Normally, this function is called in batchify_nll.

Parameters

encoder_out – (Batch, Length, Dim)
encoder_out_lens – (Batch,)
ys_pad – (Batch, Length)
ys_pad_lens – (Batch,)

espnet2.asr.postencoder.init¶

espnet2.asr.postencoder.hugging_face_transformers_postencoder¶

Hugging Face Transformers PostEncoder.

class espnet2.asr.postencoder.hugging_face_transformers_postencoder.HuggingFaceTransformersPostEncoder(input_size: int, model_name_or_path: str)[source]¶

Bases: espnet2.asr.postencoder.abs_postencoder.AbsPostEncoder

Hugging Face Transformers PostEncoder.

Initialize the module.

forward(input: torch.Tensor, input_lengths: torch.Tensor) → Tuple[torch.Tensor, torch.Tensor][source]¶: Forward.

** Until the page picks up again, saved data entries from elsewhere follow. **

lemma weighted_picard_contraction:
  assumes u: "u \<in> {0..T}"
  shows "\<bar>weighted_picard \<psi>1 u - weighted_picard \<psi>2 u\<bar> \<le> dist \<psi>1 \<psi>2 / 2"
proof -
  define D where "D = dist \<psi>1 \<psi>2"
  let ?k = "\<lambda>\<psi> s. F s (exp (2 * L * s) * \<psi> s)"
  have gap: "\<bar>?k \<psi>1 s - ?k \<psi>2 s\<bar> \<le> L * D * exp (2 * L * s)" for s
    unfolding D_def by (rule picard_integrand_dist)
  have majorant: "((\<lambda>s. L * D * exp (2 * L * s)) has_integral (D/2 * exp (2 * L * u) - D/2 * exp (2 * L * 0))) {0..u}"
  proof (rule fundamental_theorem_of_calculus)
    fix s assume "s \<in> {0..u}"
    show "((\<lambda>s. D/2 * exp (2 * L * s)) has_vector_derivative L * D * exp (2 * L * s)) (at s within {0..u})"
      unfolding has_real_derivative_iff_has_vector_derivative[symmetric]
      by (auto intro!: derivative_eq_intros)
  qed (use u in auto)
  have int: "?k \<psi> integrable_on {0..u}" for \<psi> :: "real \<Rightarrow>\<^sub>C real"
    by (intro integrable_continuous_real picard_integrand_continuous)
  have "\<bar>integral {0..u} (?k \<psi>1) - integral {0..u} (?k \<psi>2)\<bar> = \<bar>integral {0..u} (\<lambda>s. ?k \<psi>1 s - ?k \<psi>2 s)\<bar>"
    by (simp add: integral_diff int)
  also have "\<dots> \<le> integral {0..u} (\<lambda>s. L * D * exp (2 * L * s))"
  proof -
    have "norm (integral {0..u} (\<lambda>s. ?k \<psi>1 s - ?k \<psi>2 s)) \<le> integral {0..u} (\<lambda>s. L * D * exp (2 * L * s))"
      by (rule integral_norm_bound_integral)
        (use gap int majorant in \<open>auto intro: integrable_diff has_integral_integrable\<close>)
    then show ?thesis by simp
  qed
  also have "\<dots> = D/2 * exp (2 * L * u) - D/2" using integral_unique[OF majorant] by simp
  finally have "\<bar>integral {0..u} (?k \<psi>1) - integral {0..u} (?k \<psi>2)\<bar> \<le> D/2 * exp (2 * L * u) - D/2" .
  then have "\<bar>weighted_picard \<psi>1 u - weighted_picard \<psi>2 u\<bar> \<le> exp (- (2 * L * u)) * (D/2 * exp (2 * L * u) - D/2)"
    unfolding weighted_picard_def
    by (simp add: abs_mult right_diff_distrib[symmetric] mult_left_mono)
  also have "\<dots> = D/2 - D/2 * exp (- (2 * L * u))" by (simp add: algebra_simps exp_minus field_simps)
  also have "\<dots> \<le> D/2" by (simp add: D_def)
  finally show ?thesis by (simp add: D_def)
qed

lemma weighted_picard_clamp_bcontfun: "(\<lambda>x. weighted_picard \<psi> (clamp 0 T x)) \<in> bcontfun"
proof -
  obtain g :: "real \<Rightarrow>\<^sub>C real" where "\<And>x. g x = weighted_picard \<psi> (clamp 0 T x)"
    using continuous_on_cbox_bcontfunE[of 0 T "weighted_picard \<psi>"] weighted_picard_continuous by auto
  then have "(\<lambda>x. weighted_picard \<psi> (clamp 0 T x)) = apply_bcontfun g" by auto
  then show ?thesis using apply_bcontfun[of g] by simp
qed

lemma ode_solution_on_exists:
  assumes "0 \<le> T"
  shows "\<exists>y. y 0 = a \<and> ode_solution_on F T y"
proof -
  have clamp: "clamp 0 T x \<in> {0..T}" for x :: real
    using clamp_in_interval[of 0 T x] assms by simp
  define \<Phi> where "\<Phi> \<psi> = Bcontfun (\<lambda>x. weighted_picard \<psi> (clamp 0 T x))" for \<psi>
  have \<Phi>: "\<Phi> \<psi> x = weighted_picard \<psi> (clamp 0 T x)" for \<psi> x
    using weighted_picard_clamp_bcontfun by (simp add: \<Phi>_def Bcontfun_inverse)
  have "dist (\<Phi> \<psi>1) (\<Phi> \<psi>2) \<le> 1/2 * dist \<psi>1 \<psi>2" for \<psi>1 \<psi>2
    using weighted_picard_contraction[OF clamp] by (intro dist_bound) (simp add: \<Phi> dist_real_def)
  then obtain \<psi> where fixed: "\<Phi> \<psi> = \<psi>" using banach_fix_type[of "1/2" \<Phi>] by auto
  define y where "y x = a + integral {0..x} (\<lambda>s. F s (exp (2 * L * s) * \<psi> s))" for x
  have y: "exp (2 * L * x) * \<psi> x = y x" if "x \<in> {0..T}" for x
  proof -
    have "\<psi> x = weighted_picard \<psi> x"
      using \<Phi>[of \<psi> x] fixed clamp_cancel_cbox[of x 0 T] that by simp
    then show ?thesis by (simp add: weighted_picard_def y_def exp_minus field_simps)
  qed
  have "ode_solution_on F T y"
    unfolding ode_solution_on_def
  proof
    fix x assume x: "x \<in> {0..T}"
    have "((\<lambda>x. integral {0..x} (\<lambda>s. F s (exp (2 * L * s) * \<psi> s))) has_real_derivative
        F x (exp (2 * L * x) * \<psi> x)) (at x within {0..T})"
      by (rule integral_has_real_derivative[OF picard_integrand_continuous x])
    then show "(y has_real_derivative F x (y x)) (at x within {0..T})"
      unfolding y_def using y[OF x] by (auto intro!: derivative_eq_intros simp: y_def)
  qed
  moreover have "y 0 = a" by (simp add: y_def)
  ultimately show ?thesis by blast
qed

end

lemma ode_solution_on_return_periodic:
  assumes y: "ode_solution_on F 2 y" and lip: "\<And>x. L-lipschitz_on UNIV (F x)"
    and per: "\<And>p. periodic1 (\<lambda>x. F x p)" and "y 1 = y 0" and x: "x \<in> {0..1}"
  shows "y (x + 1) = y x"
proof -
  have shifted: "ode_solution_on F (2 - 1) (\<lambda>x. y (x + 1))" by (rule ode_solution_on_shift[OF y per])
  have restricted: "ode_solution_on F (2 - 1) y" by (rule ode_solution_on_mono[OF y]) simp
  have "(\<lambda>x. y (x + 1)) x = y x"
    by (rule ode_solution_on_unique[OF shifted restricted lip]) (use \<open>y 1 = y 0\<close> x in auto)
  then show ?thesis by simp
qed

lemma periodic_extension_near:
  assumes y_per: "\<And>x. x \<in> {0..1} \<Longrightarrow> y (x + 1) = y x"
    and t: "t \<in> {of_int n - 1<..<of_int n + 1}"
  shows "y (t - of_int \<lfloor>t\<rfloor> + 1) = y (t + (1 - of_int n))"
proof (cases "of_int n \<le> t")
  case True
  then have "\<lfloor>t\<rfloor> = n" using t by (intro floor_unique) auto
  then show ?thesis by (simp add: algebra_simps)
next
  case False
  then have fl: "\<lfloor>t\<rfloor> = n - 1" using t by (intro floor_unique) auto
  have "y (t - of_int \<lfloor>t\<rfloor> + 1) = y ((t + (1 - of_int n)) + 1)" unfolding fl by (simp add: algebra_simps)
  also have "\<dots> = y (t + (1 - of_int n))" using False t by (intro y_per) auto
  finally show ?thesis .
qed

lemma ode_solution_periodic_extension:
  assumes y: "ode_solution_on F 2 y" and per: "\<And>p. periodic1 (\<lambda>x. F x p)"
    and y_per: "\<And>x. x \<in> {0..1} \<Longrightarrow> y (x + 1) = y x"
  obtains f where "\<And>x. (f has_real_derivative F x (f x)) (at x)" "periodic1 f"
    "\<And>x. x \<in> {0..1} \<Longrightarrow> f x = y x"
proof
  \<comment> \<open>Near \<open>x\<close>, \<open>f\<close> is the translate \<open>\<lambda>t. y (t + 1 - \<lfloor>x\<rfloor>)\<close>, evaluated inside the open interval \<open>(0, 2)\<close>.\<close>
  define f where "f x = y (x - of_int \<lfloor>x\<rfloor> + 1)" for x
  have near: "f t = y (t + (1 - of_int n))" if "t \<in> {of_int n - 1<..<of_int n + 1}" for t n
    unfolding f_def by (rule periodic_extension_near[where y = y, OF y_per that])
  show "(f has_real_derivative F x (f x)) (at x)" for x
  proof -
    define n where "n = \<lfloor>x\<rfloor>"
    have x: "of_int n \<le> x" "x < of_int n + 1" unfolding n_def by linarith+
    then have "(y has_real_derivative F (x + (1 - of_int n)) (y (x + (1 - of_int n))))
        (at (x + (1 - of_int n)))"
      by (intro ode_solution_on_at[OF y]) auto
    then have "((\<lambda>t. y (t + (1 - of_int n))) has_real_derivative F (x + (1 - of_int n)) (f x)) (at x)"
      using near[of x n] x by (simp only: DERIV_shift) simp
    then have "(f has_real_derivative F (x + (1 - of_int n)) (f x)) (at x)"
      by (rule has_field_derivative_transform_within_open[where S = "{of_int n - 1<..<of_int n + 1}"])
        (use x near in auto)
    then show ?thesis using periodic1_add_of_int[OF per, of x "1 - n"] by simp
  qed
  show "periodic1 f" unfolding periodic1_def f_def by simp
  show "f x = y x" if "x \<in> {0..1}" for x
  proof (cases "x = 1")
    case False
    then have "\<lfloor>x\<rfloor> = 0" using that by (intro floor_unique) auto
    then show ?thesis using y_per[OF that] by (simp add: f_def)
  qed (simp add: f_def)
qed

section \<open>The cell problem for a bounded Lipschitz nonlinearity\<close>

locale lipschitz_cell_problem =
  fixes g V :: "real \<Rightarrow> real" and L B :: real
  assumes g_lipschitz: "L-lipschitz_on UNIV g"
    and g_bounded: "\<And>p. \<bar>g p\<bar> \<le> B" and V_bounded: "\<And>x. \<bar>V x\<bar> \<le> B"
    and V_continuous: "continuous_on UNIV V" and V_periodic: "periodic1 V"
begin

definition cell_field :: "real \<Rightarrow> real \<Rightarrow> real \<Rightarrow> real" where
  "cell_field H x p = H - g p - V x"

lemma cell_field_lipschitz: "L-lipschitz_on UNIV (cell_field H x)"
proof (rule lipschitz_onI)
  show "dist (cell_field H x p) (cell_field H x q) \<le> L * dist p q" for p q
    using lipschitz_onD[OF g_lipschitz, of p q] by (simp add: cell_field_def dist_real_def abs_minus_commute)
qed (rule lipschitz_on_nonneg[OF g_lipschitz])
lemma is_trigpoly_cos_scaleR_great_circle:
  "is_trigpoly (\<lambda>p. (c * cos (w1 \<bullet> p + b1)) *\<^sub>R great_circle u v (w2 \<bullet> p + b2))"
proof -
  have "(\<lambda>p. (c * cos (w1 \<bullet> p + b1)) *\<^sub>R great_circle u v (w2 \<bullet> p + b2))
      = (\<lambda>p. (cos (w1 \<bullet> p + b1) * cos (w2 \<bullet> p + b2)) *\<^sub>R (c *\<^sub>R u)
           + (cos (w1 \<bullet> p + b1) * cos (w2 \<bullet> p + (b2 - pi / 2))) *\<^sub>R (c *\<^sub>R v))"
    by (simp add: great_circle_def cos_diff algebra_simps)
  then show ?thesis by (simp only:) (intro is_trigpoly_add is_trigpoly_cos_mult_cos)
qed

section \<open>The Willmore profile of the family\<close>

definition torus_rho :: "real \<Rightarrow> real" where
  "torus_rho \<theta> = sqrt (2 + (sin (2 * \<theta>))\<^sup>2)"

definition willmore_profile :: "real \<Rightarrow> real" where
  "willmore_profile \<rho> = 6 * pi\<^sup>2 * (2 / \<rho> - 3 / \<rho> ^ 3)"

lemma torus_rho_pos: "torus_rho \<theta> > 0"
  unfolding torus_rho_def by (simp add: add_pos_nonneg)

lemma torus_rho_bounds: "torus_rho \<theta> \<in> {sqrt 2..sqrt 3}"
  using abs_square_le_1[of "sin (2 * \<theta>)"] unfolding torus_rho_def by simp

lemma torus_rho_pi4: "torus_rho (pi / 4) = sqrt 3"
  unfolding torus_rho_def by simp

lemma torus_rho_squared: "(torus_rho \<theta>)\<^sup>2 = 3 - (cos (2 * \<theta>))\<^sup>2"
proof -
  have "(torus_rho \<theta>)\<^sup>2 = 2 + (sin (2 * \<theta>))\<^sup>2"
    unfolding torus_rho_def by (simp add: add_nonneg_nonneg)
  then show ?thesis by (simp add: sin_squared_eq)
qed

lemma torus_rho_has_real_derivative [derivative_intros]:
  assumes "(f has_real_derivative f') (at x)"
  shows "((\<lambda>x. torus_rho (f x)) has_real_derivative
    (2 * sin (2 * f x) * cos (2 * f x) / torus_rho (f x)) * f') (at x)"
proof -
  have "0 < 2 + (sin (2 * f x))\<^sup>2" by (simp add: add_pos_nonneg)
  then show ?thesis
    unfolding torus_rho_def
    by (auto intro!: derivative_eq_intros assms simp: field_simps power2_eq_square)
qed

definition willmore_profile_deriv :: "real \<Rightarrow> real" where
  "willmore_profile_deriv \<rho> = 6 * pi\<^sup>2 * (9 / \<rho> ^ 4 - 2 / \<rho>\<^sup>2)"

lemma willmore_profile_has_real_derivative:
  "\<rho> > 0 \<Longrightarrow> (willmore_profile has_real_derivative willmore_profile_deriv \<rho>) (at \<rho>)"
  unfolding willmore_profile_def[abs_def] willmore_profile_deriv_def
  by (auto intro!: derivative_eq_intros
      simp: field_simps power2_eq_square power3_eq_cube power4_eq_xxxx)

lemma willmore_profile_deriv_pos:
  assumes "0 < \<rho>" "\<rho> \<le> sqrt 3"
  shows "willmore_profile_deriv \<rho> > 0"
proof -
  have "\<rho>\<^sup>2 \<le> 3"
    using assms power_mono[OF assms(2), of 2] by simp
  then have "0 < (9 - 2 * \<rho>\<^sup>2) / \<rho> ^ 4"
    using assms(1) by simp
  also have "(9 - 2 * \<rho>\<^sup>2) / \<rho> ^ 4 = 9 / \<rho> ^ 4 - 2 / \<rho>\<^sup>2"
    using assms(1) by (simp add: field_simps power2_eq_square power4_eq_xxxx)
  finally show ?thesis
    unfolding willmore_profile_deriv_def by simp
qed

lemma strict_mono_on_willmore_profile: "strict_mono_on {sqrt 2..sqrt 3} willmore_profile"
proof (rule strict_mono_onI)
  fix r s assume rs: "r \<in> {sqrt 2..sqrt 3}" "s \<in> {sqrt 2..sqrt 3}" "r < s"
  show "willmore_profile r < willmore_profile s"
  proof (rule DERIV_pos_imp_increasing[OF \<open>r < s\<close>])
    fix x assume "r \<le> x" "x \<le> s"
    moreover have "0 < sqrt 2" by simp
    ultimately have "0 < x" "x \<le> sqrt 3" using rs by (auto simp del: real_sqrt_gt_0_iff)
    then show "\<exists>y. (willmore_profile has_real_derivative y) (at x) \<and> y > 0"
      using willmore_profile_has_real_derivative willmore_profile_deriv_pos by blast
  qed
qed

lemma family_coeff_squares:
  "(cos \<theta> / sqrt 3) * (cos \<theta> / sqrt 3) = (1 + cos (2 * \<theta>)) / 6"
  "(sin \<theta> / sqrt 3) * (sin \<theta> / sqrt 3) = (1 - cos (2 * \<theta>)) / 6"
  "sqrt (2 / 3) * sqrt (2 / 3) = (2 / 3 :: real)"
  unfolding cos_double
  by (simp_all add: power2_eq_square sin_squared_eq[unfolded power2_eq_square] field_simps)

lemma family_coeff_squares_sum:
  "(cos \<theta> / sqrt 3) * (cos \<theta> / sqrt 3) + (sin \<theta> / sqrt 3) * (sin \<theta> / sqrt 3)
     + sqrt (2 / 3) * sqrt (2 / 3) = 1"
  unfolding family_coeff_squares by (simp add: field_simps)

section \<open>Flat tori spanned by three orthogonal planes\<close>

text \<open>|H|^2 of a flat torus in terms of k and its metric coefficients E, F (with G = 1).\<close>
definition flat_torus_mean_curv_sq :: "real \<Rightarrow> real \<Rightarrow> real \<Rightarrow> real" where
  "flat_torus_mean_curv_sq k E F
     = (k * k * E - E * E - 4 * k * k * F * F + 8 * E * F * F - 4 * F * F * F * F)
       / (4 * (E - F * F)\<^sup>2)"

locale orthonormal_planes =
  fixes u1 v1 u2 v2 u3 v3 :: "real^6"
  assumes unit: "u1\<bullet>u1 = 1" "v1\<bullet>v1 = 1" "u2\<bullet>u2 = 1" "v2\<bullet>v2 = 1" "u3\<bullet>u3 = 1" "v3\<bullet>v3 = 1"
  and orth: "u1\<bullet>v1 = 0" "u1\<bullet>u2 = 0" "u1\<bullet>v2 = 0" "u1\<bullet>u3 = 0" "u1\<bullet>v3 = 0"
         "v1\<bullet>u2 = 0" "v1\<bullet>v2 = 0" "v1\<bullet>u3 = 0" "v1\<bullet>v3 = 0"
         "u2\<bullet>v2 = 0" "u2\<bullet>u3 = 0" "u2\<bullet>v3 = 0"
         "v2\<bullet>u3 = 0" "v2\<bullet>v3 = 0" "u3\<bullet>v3 = 0"
begin

lemmas frame_inner [simp] = unit orth orth[THEN inner_commute[THEN trans]]

definition flat_torus :: "real \<Rightarrow> real \<Rightarrow> real \<Rightarrow> real \<Rightarrow> surf6" where
  "flat_torus a1 a2 a3 k s t =
     a1 *\<^sub>R great_circle u1 v1 (k * s + t) + a2 *\<^sub>R great_circle u2 v2 (k * s - t)
     + a3 *\<^sub>R great_circle u3 v3 t"

lemma d1_flat_torus: "d1 (flat_torus a1 a2 a3 k) = (\<lambda>s t.
    (k * a1) *\<^sub>R great_circle v1 (- u1) (k * s + t)
    + (k * a2) *\<^sub>R great_circle v2 (- u2) (k * s - t))"
  unfolding d1_def flat_torus_def
  by (intro ext vector_derivative_at) (auto intro!: derivative_eq_intros simp: mult.commute)

lemma d2_flat_torus: "d2 (flat_torus a1 a2 a3 k) = (\<lambda>s t.
    a1 *\<^sub>R great_circle v1 (- u1) (k * s + t) - a2 *\<^sub>R great_circle v2 (- u2) (k * s - t)
    + a3 *\<^sub>R great_circle v3 (- u3) t)"
  unfolding d2_def flat_torus_def
  by (intro ext vector_derivative_at) (auto intro!: derivative_eq_intros simp: mult.commute)

lemma d11_flat_torus: "d1 (d1 (flat_torus a1 a2 a3 k)) = (\<lambda>s t.
    - (k * k * a1) *\<^sub>R great_circle u1 v1 (k * s + t)
    - (k * k * a2) *\<^sub>R great_circle u2 v2 (k * s - t))"
  unfolding d1_flat_torus
  by (subst d1_def, intro ext vector_derivative_at)
    (auto intro!: derivative_eq_intros simp: mult.commute algebra_simps)
lemma sum_integral_indicator_Gen_Suc_eigen:
  assumes A: "A \<in> sets (H n)"
  shows "(\<Sum>i\<in>Gen (Suc n). \<integral>\<omega>. indicator A \<omega> *\<^sub>R h (X i \<omega>) \<partial>Pr)
       = 2 * c * (\<Sum>a\<in>Gen n. \<integral>\<omega>. indicator A \<omega> *\<^sub>R h (X a \<omega>) \<partial>Pr)"
proof -
  have As: "A \<in> sets Pr" using A sets_H_subset by blast
  have ch: "(\<lambda>x. c * h x) \<in> CF F" by (rule CF_cmult[OF h_CF])
  have int: "integrable Pr (\<lambda>\<omega>. indicator A \<omega> *\<^sub>R g (X i \<omega>))" if "g \<in> CF F" for g i
    by (rule integrable_mult_indicator[OF As integrable_CF_X[OF that]])
  have Re_int: "Re (\<integral>\<omega>. indicator A \<omega> *\<^sub>R g (X i \<omega>) \<partial>Pr) = (\<integral>\<omega>. indicator A \<omega> * Re (g (X i \<omega>)) \<partial>Pr)"
    and Im_int: "Im (\<integral>\<omega>. indicator A \<omega> *\<^sub>R g (X i \<omega>) \<partial>Pr) = (\<integral>\<omega>. indicator A \<omega> * Im (g (X i \<omega>)) \<partial>Pr)"
    if "g \<in> CF F" for g i
    using integral_Re[OF int[OF that, of i]] integral_Im[OF int[OF that, of i]] by simp_all
  have Qreal_eigen: "Qreal P (\<lambda>y. Re (h y)) x = Re (c * h x)" "Qreal P (\<lambda>y. Im (h y)) x = Im (c * h x)"
    if "x \<in> space M" for x
    using Qop_CF[OF h_CF that] eigen[OF that] by (simp_all add: complex_eq_iff)
  have "(\<integral>\<omega>. indicator A \<omega> * Qreal P (\<lambda>y. Re (h y)) (X a \<omega>) \<partial>Pr) = (\<integral>\<omega>. indicator A \<omega> * Re (c * h (X a \<omega>)) \<partial>Pr)"
    "(\<integral>\<omega>. indicator A \<omega> * Qreal P (\<lambda>y. Im (h y)) (X a \<omega>) \<partial>Pr) = (\<integral>\<omega>. indicator A \<omega> * Im (c * h (X a \<omega>)) \<partial>Pr)"
    for a by (auto intro!: Bochner_Integration.integral_cong simp: Qreal_eigen X_in_space)
  then have "(\<Sum>i\<in>Gen (Suc n). \<integral>\<omega>. indicator A \<omega> *\<^sub>R h (X i \<omega>) \<partial>Pr)
      = 2 * (\<Sum>a\<in>Gen n. \<integral>\<omega>. indicator A \<omega> *\<^sub>R (c * h (X a \<omega>)) \<partial>Pr)"
    using sum_integral_indicator_Gen_Suc[OF Re_CF[OF h_CF] A] sum_integral_indicator_Gen_Suc[OF Im_CF[OF h_CF] A]
      Re_int[OF h_CF] Im_int[OF h_CF] Re_int[OF ch] Im_int[OF ch]
    by (simp add: complex_eq_iff Re_sum Im_sum)
  also have "\<dots> = 2 * c * (\<Sum>a\<in>Gen n. \<integral>\<omega>. indicator A \<omega> *\<^sub>R h (X a \<omega>) \<partial>Pr)"
    by (simp add: sum_distrib_left scaleR_conv_of_real mult_ac)
  finally show ?thesis .
qed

output_size() → int[source]¶: Get the output size.

reload_pretrained_parameters()[source]¶

espnet2.asr.postencoder.abs_postencoder¶

class espnet2.asr.postencoder.abs_postencoder.AbsPostEncoder[source]¶

Bases: torch.nn.modules.module.Module, abc.ABC

Initializes internal Module state, shared by both nn.Module and ScriptModule.

abstract forward(input: torch.Tensor, input_lengths: torch.Tensor) → Tuple[torch.Tensor, torch.Tensor][source]¶

Defines the computation performed at every call.

Should be overridden by all subclasses.

Note

Although the recipe for forward pass needs to be defined within this function, one should call the Module instance afterwards instead of this since the former takes care of running the registered hooks while the latter silently ignores them.

abstract output_size() → int[source]¶

espnet2.asr.preencoder.init¶

espnet2.asr.preencoder.sinc¶

Sinc convolutions for raw audio input.

class espnet2.asr.preencoder.sinc.LightweightSincConvs(fs: Union[int, str, float] = 16000, in_channels: int = 1, out_channels: int = 256, activation_type: str = 'leakyrelu', dropout_type: str = 'dropout', windowing_type: str = 'hamming', scale_type: str = 'mel')[source]¶

Bases: espnet2.asr.preencoder.abs_preencoder.AbsPreEncoder

Lightweight Sinc Convolutions.

Instead of using precomputed features, end-to-end speech recognition can also be done directly from raw audio using sinc convolutions, as described in “Lightweight End-to-End Speech Recognition from Raw Audio Data Using Sinc-Convolutions” by Kürzinger et al. https://arxiv.org/abs/2010.07597

To use Sinc convolutions in your model instead of the default f-bank frontend, set this module as your pre-encoder with preencoder: sinc and use the input of the sliding window frontend with frontend: sliding_window in your yaml configuration file. So that the process flow is:

Frontend (SlidingWindow) -> SpecAug -> Normalization -> Pre-encoder (LightweightSincConvs) -> Encoder -> Decoder

Note that this method also performs data augmentation in time domain (vs. in spectral domain in the default frontend). Use plot_sinc_filters.py to visualize the learned Sinc filters.

Initialize the module.

Parameters

fs – Sample rate.
in_channels – Number of input channels.
out_channels – Number of output channels (for each input channel).
activation_type – Choice of activation function.
dropout_type – Choice of dropout function.
windowing_type – Choice of windowing function.
scale_type – Choice of filter-bank initialization scale.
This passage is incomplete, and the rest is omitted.